Transmedia, Interactive Series ‘Si Fueras Tu’ Makes Online Waves for Spain’s RTVE

MADRID — Pubcaster RTVE’s webseries “Si fueras tu,” a Spanish adaptation of Intl. Emmy winning format “Reservoir Hill,” has become a pioneering transmedia and interactive production for Spanish TV fiction.

Available online from September via RTVE’s digital platform Playz, webseries’ eight episodes lured over three million views and scored massive tracking on social networks, including some 70,000 followers on Instagram.

Closing the circle on Dec. 8, RTVE’s core channel La 1 aired in a late-night slot a 80-minute TV movie which combined the eight episodes plus unseen footage, adding 567,000 eyeballs to its global audience results.

Exec produced by well-known Spanish TV executive Isabel Raventós at Atomis Media, the psychological thriller series has achieved two major goals for the public broadcaster: Rejuvenation of its audience; strengthening its brand as an innovative company.

Driven by La 1 programming, RTVE mainly attracts +64 aged TV audiences. 71% of “Si fueras tu” online audience, however, was under 34-year-old.

As a public TV service, another of RTVE’s aims is to back innovative format projects.

For 20 years, Atomis Media co-founder Sergi Schaaff has directed for RTVE’s La 2 flagship quiz-contest “Saber y ganar,” Spain’s longest-running show, where Atomis has already implemented interactive technology.

In a transition time between linear and non-linear TV, with “Si fueras tu,” Atomis has for the first time taken on interactivity in a fiction arena.

“Webseries formats allow you to test and try to innovate,” Raventós said.

“Si fueras tu” involved viewers who not only decided how each episode’s plot must go on, but also established a close relationship with characters and writers through their continuous presence on social networks.

When RTVE uploaded every new chapter, the followers ‘entered’ into it. Once each 10-minute webisode was finished, an online survey allowed viewers to collaborate with the characters in decision making, marking the next episode’s plot, which rolled only one day after the voting closed.

“It is great to work for conventional TV, but you have to think that there is an audience that no longer consumes TV as it was traditionally done. Now they want to choose what they want to see and when they want to see it,” Raventós said.

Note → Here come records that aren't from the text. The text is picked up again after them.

(* If $(d,p)\in\{(6,1),(10,2),(13,3),(14,3),(17,4)\}$, then $\varphi$ has a unique critical point in the interior of $K$ (namely $\mathbf{z}^*$).
   Context: Let $\tau_j=\binom{d}{p}\binom{p}{j}\binom{d-p}{p-j}$ for $0\le j\le p$. Points of $\mathbb{R}^{4p+1}$ are written $\mathbf{z}=(z,(z_{j00},z_{j01},z_{j10},z_{j11})_{j\in[p]})$, with $z_{0\alpha\alpha}=z-\sum_{j\in[p]}z_{j\alpha\alpha}$ ($\alpha\in\{0,1\}$) and $z_{0\alpha\beta}=\frac12-z-\sum_{j\in[p]}z_{j\alpha\beta}$ ($\alpha\ne\beta$). $K$ is the set of $\mathbf{z}$ with $0\le z\le\frac12$ and $z_{j\alpha\beta}\ge0$ for all $0\le j\le p$, $\alpha,\beta\in\{0,1\}$. $A(\mathbf{z})=p+(d-4p)z+\sum_{j\in[p]}j(z_{j00}+z_{j11}-z_{j01}-z_{j10})$, $B=\frac d2-A$, and $\varphi(\mathbf{z})=A\log A+B\log B+\sum_{0\le j\le p,\ \alpha,\beta\in\{0,1\}}(z_{j\alpha\beta}\log\tau_j-z_{j\alpha\beta}\log z_{j\alpha\beta})$. A critical point is a point of the interior of $K$ where the gradient of $\varphi$ vanishes. $\mathbf{z}^*$ has $z^*=\frac14$ and $z^*_{j\alpha\beta}=\tau_j/(4\binom{d}{p}^2)$. *)

theory Defs
  imports "HOL-Analysis.Analysis"
begin

text \<open>Points of R^(4p+1) are represented by a real z together with a function
  w :: nat => bool => bool => real, where w j a b is the coordinate z_{j a b}
  for j in {1..p}; the bits a, b in {0,1} are encoded as False = 0, True = 1.
  Values of w outside j in {1..p} are irrelevant.\<close>

definition tau :: "nat \<Rightarrow> nat \<Rightarrow> nat \<Rightarrow> real" where
  "tau d p j = real (d choose p) * real (p choose j) * real ((d - p) choose (p - j))"

definition zc :: "nat \<Rightarrow> real \<Rightarrow> (nat \<Rightarrow> bool \<Rightarrow> bool \<Rightarrow> real) \<Rightarrow> nat \<Rightarrow> bool \<Rightarrow> bool \<Rightarrow> real" where
  "zc p z w j a b =
     (if j = 0 then
        (if a = b then z - (\<Sum>i\<in>{1..p}. w i a b)
         else 1/2 - z - (\<Sum>i\<in>{1..p}. w i a b))
      else w j a b)"

definition inK :: "nat \<Rightarrow> real \<Rightarrow> (nat \<Rightarrow> bool \<Rightarrow> bool \<Rightarrow> real) \<Rightarrow> bool" where
  "inK p z w \<longleftrightarrow> 0 \<le> z \<and> z \<le> 1/2 \<and> (\<forall>j\<in>{0..p}. \<forall>a b. 0 \<le> zc p z w j a b)"

definition interiorK :: "nat \<Rightarrow> real \<Rightarrow> (nat \<Rightarrow> bool \<Rightarrow> bool \<Rightarrow> real) \<Rightarrow> bool" where
  "interiorK p z w \<longleftrightarrow> (\<exists>e>0. \<forall>z' w'. \<bar>z' - z\<bar> < e \<and>
      (\<forall>j\<in>{1..p}. \<forall>a b. \<bar>w' j a b - w j a b\<bar> < e) \<longrightarrow> inK p z' w')"

definition Afun :: "nat \<Rightarrow> nat \<Rightarrow> real \<Rightarrow> (nat \<Rightarrow> bool \<Rightarrow> bool \<Rightarrow> real) \<Rightarrow> real" where
  "Afun d p z w = real p + (real d - 4 * real p) * z +
     (\<Sum>j\<in>{1..p}. real j * (w j False False + w j True True - w j False True - w j True False))"

definition Bfun :: "nat \<Rightarrow> nat \<Rightarrow> real \<Rightarrow> (nat \<Rightarrow> bool \<Rightarrow> bool \<Rightarrow> real) \<Rightarrow> real" where
  "Bfun d p z w = real d / 2 - Afun d p z w"

definition phi :: "nat \<Rightarrow> nat \<Rightarrow> real \<Rightarrow> (nat \<Rightarrow> bool \<Rightarrow> bool \<Rightarrow> real) \<Rightarrow> real" where
  "phi d p z w = Afun d p z w * ln (Afun d p z w) + Bfun d p z w * ln (Bfun d p z w) +
     (\<Sum>j\<in>{0..p}. \<Sum>a\<in>UNIV. \<Sum>b\<in>UNIV.
        zc p z w j a b * ln (tau d p j) - zc p z w j a b * ln (zc p z w j a b))"

definition upd :: "(nat \<Rightarrow> bool \<Rightarrow> bool \<Rightarrow> real) \<Rightarrow> nat \<Rightarrow> bool \<Rightarrow> bool \<Rightarrow> real \<Rightarrow> (nat \<Rightarrow> bool \<Rightarrow> bool \<Rightarrow> real)" where
  "upd w j a b t = w(j := (w j)(a := (w j a)(b := t)))"

text \<open>Critical point: interior point at which the gradient of phi vanishes,
  i.e. all 4p+1 partial derivatives exist and are zero.\<close>
definition critical :: "nat \<Rightarrow> nat \<Rightarrow> real \<Rightarrow> (nat \<Rightarrow> bool \<Rightarrow> bool \<Rightarrow> real) \<Rightarrow> bool" where
  "critical d p z w \<longleftrightarrow> interiorK p z w \<and>
     ((\<lambda>t. phi d p t w) has_real_derivative 0) (at z) \<and>
     (\<forall>j\<in>{1..p}. \<forall>a b. ((\<lambda>t. phi d p z (upd w j a b t)) has_real_derivative 0) (at (w j a b)))"

end

theory Submission
  imports Defs
begin

text \<open>Put y^2 = A/B at an interior critical point. Stationarity in a coordinate z_jab with
  j >= 1 says that z_jab / z_0ab is tau_j / tau_0 times y^(2j) on the diagonal a = b and times
  y^(-2j) off it. Summing over j shows that z_0ab only depends on whether a = b, and stationarity
  in z links the two values by z_000 y^(4p) = z_001 y^d. Substituting all this into the definition
  of A leaves a single polynomial equation for y. For the five pairs (d, p) this polynomial is
  1 - y times a polynomial that is visibly positive for y > 0, being a combination of terms
  y^k (y - 1)^(2m) with positive coefficients. Hence y = 1, i.e. A = B, and then the coordinates
  are forced to be those of z*.\<close>

section \<open>Coordinates and the interior of K\<close>

definition diag_sign :: "bool \<Rightarrow> bool \<Rightarrow> real" where
  "diag_sign a b = (if a = b then 1 else -1)"

lemma zc_shift_z:
  "zc p t w i a b = zc p z w i a b + (t - z) * (if i = 0 then diag_sign a b else 0)"
  by (auto simp: zc_def diag_sign_def)

lemma zc_upd:
  assumes "j \<in> {1..p}"
  shows "zc p z (upd w j a b t) i a' b' = zc p z w i a' b' + (t - w j a b) *
     ((if i = j \<and> a' = a \<and> b' = b then 1 else 0) - (if i = 0 \<and> a' = a \<and> b' = b then 1 else 0))"
proof -
  have "(\<Sum>l\<in>{1..p}. upd w j a b t l a' b')
      = (\<Sum>l\<in>{1..p}. w l a' b' + (if l = j \<and> a' = a \<and> b' = b then t - w j a b else 0))"
    by (intro sum.cong) (auto simp: upd_def)
  also have "\<dots> = (\<Sum>l\<in>{1..p}. w l a' b') + (if a' = a \<and> b' = b then t - w j a b else 0)"
    using assms by (simp add: sum.distrib sum.delta)
  finally show ?thesis
    using assms by (auto simp: zc_def upd_def)
qed

lemma Afun_shift_z: "Afun d p t w = Afun d p z w + (t - z) * (real d - 4 * real p)"
  by (simp add: Afun_def algebra_simps)

lemma Afun_upd:
  assumes "j \<in> {1..p}"
  shows "Afun d p z (upd w j a b t) = Afun d p z w + (t - w j a b) * (real j * diag_sign a b)"
proof -
  let ?g = "\<lambda>w l. real l * (w l False False + w l True True - w l False True - w l True False)"
  have "(\<Sum>l\<in>{1..p}. ?g (upd w j a b t) l)
      = (\<Sum>l\<in>{1..p}. ?g w l + (if l = j then (t - w j a b) * (real j * diag_sign a b) else 0))"
    by (intro sum.cong refl) (cases a; cases b; simp add: upd_def diag_sign_def algebra_simps)
  then show ?thesis
    using assms by (simp add: Afun_def sum.distrib)
qed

“Also, we have discovered that there is an audience that wants to participate a lot. We need to create more projects in that line,” she added.

Created by Thomas Robins and David Stubbs at KHF Media, “Reservoir Hill,” the original series, broadcast on New Zealand’s network TVZN and won a 2010 Intl. Emmy Award in the children and young people category.

Taking advantage of a rapid technological progress, “Si fueras tu” was highlighted at The Wit’s prestige Fresh TV Fiction showcase at Cannes’ Mipcom trade fair in October.

Directed by Joaquín Llamas, whose credits include Mediaset España-Filmax TV drama “I Know Who You Are,” the web series toplines young actors María Pedraza (pictured) and Oscar Casas.

“Si fueras tu” tells the story of Alba, a 17-year-old Spanish girl who moves with her uncle to a housing development, looking for a new life. Her parents have moved to work in New Zealand, but she has to finish her school year in Spain.

However, as soon as she arrives at the institute, she realizes that it will not be so easy to adapt because of her striking resemblance to Cris, a girl who disappeared just half a year ago.

The webseries fits into a recent attempt by RTVE to reach younger audiences which includes a strong presence of social networking in programming design – as is also happening in the current edition of La 1’s primetime hit talent show “Operación Triunfo.”

“Even within entertainment, it is necessary to evolve towards the use of technology in more interactive forms that allow transmedia developments,” Raventós said.

“Look at what happening in the international market. There is a remarkable development in the fiction area and a trend of investigating and innovating by introducing interactivity,” she added.

A former general director at Endemol Spain and Latin America, head of new programming and development at Mediaset’s Telecinco, and RTVE’s deputy director, among other responsibilities, Raventós, alongside Atomis Media partner Schaaf, continues at the frontline of Spanish TV, exploring innovative contents and targeting young TV audiences, the most elusive for conventional TV players.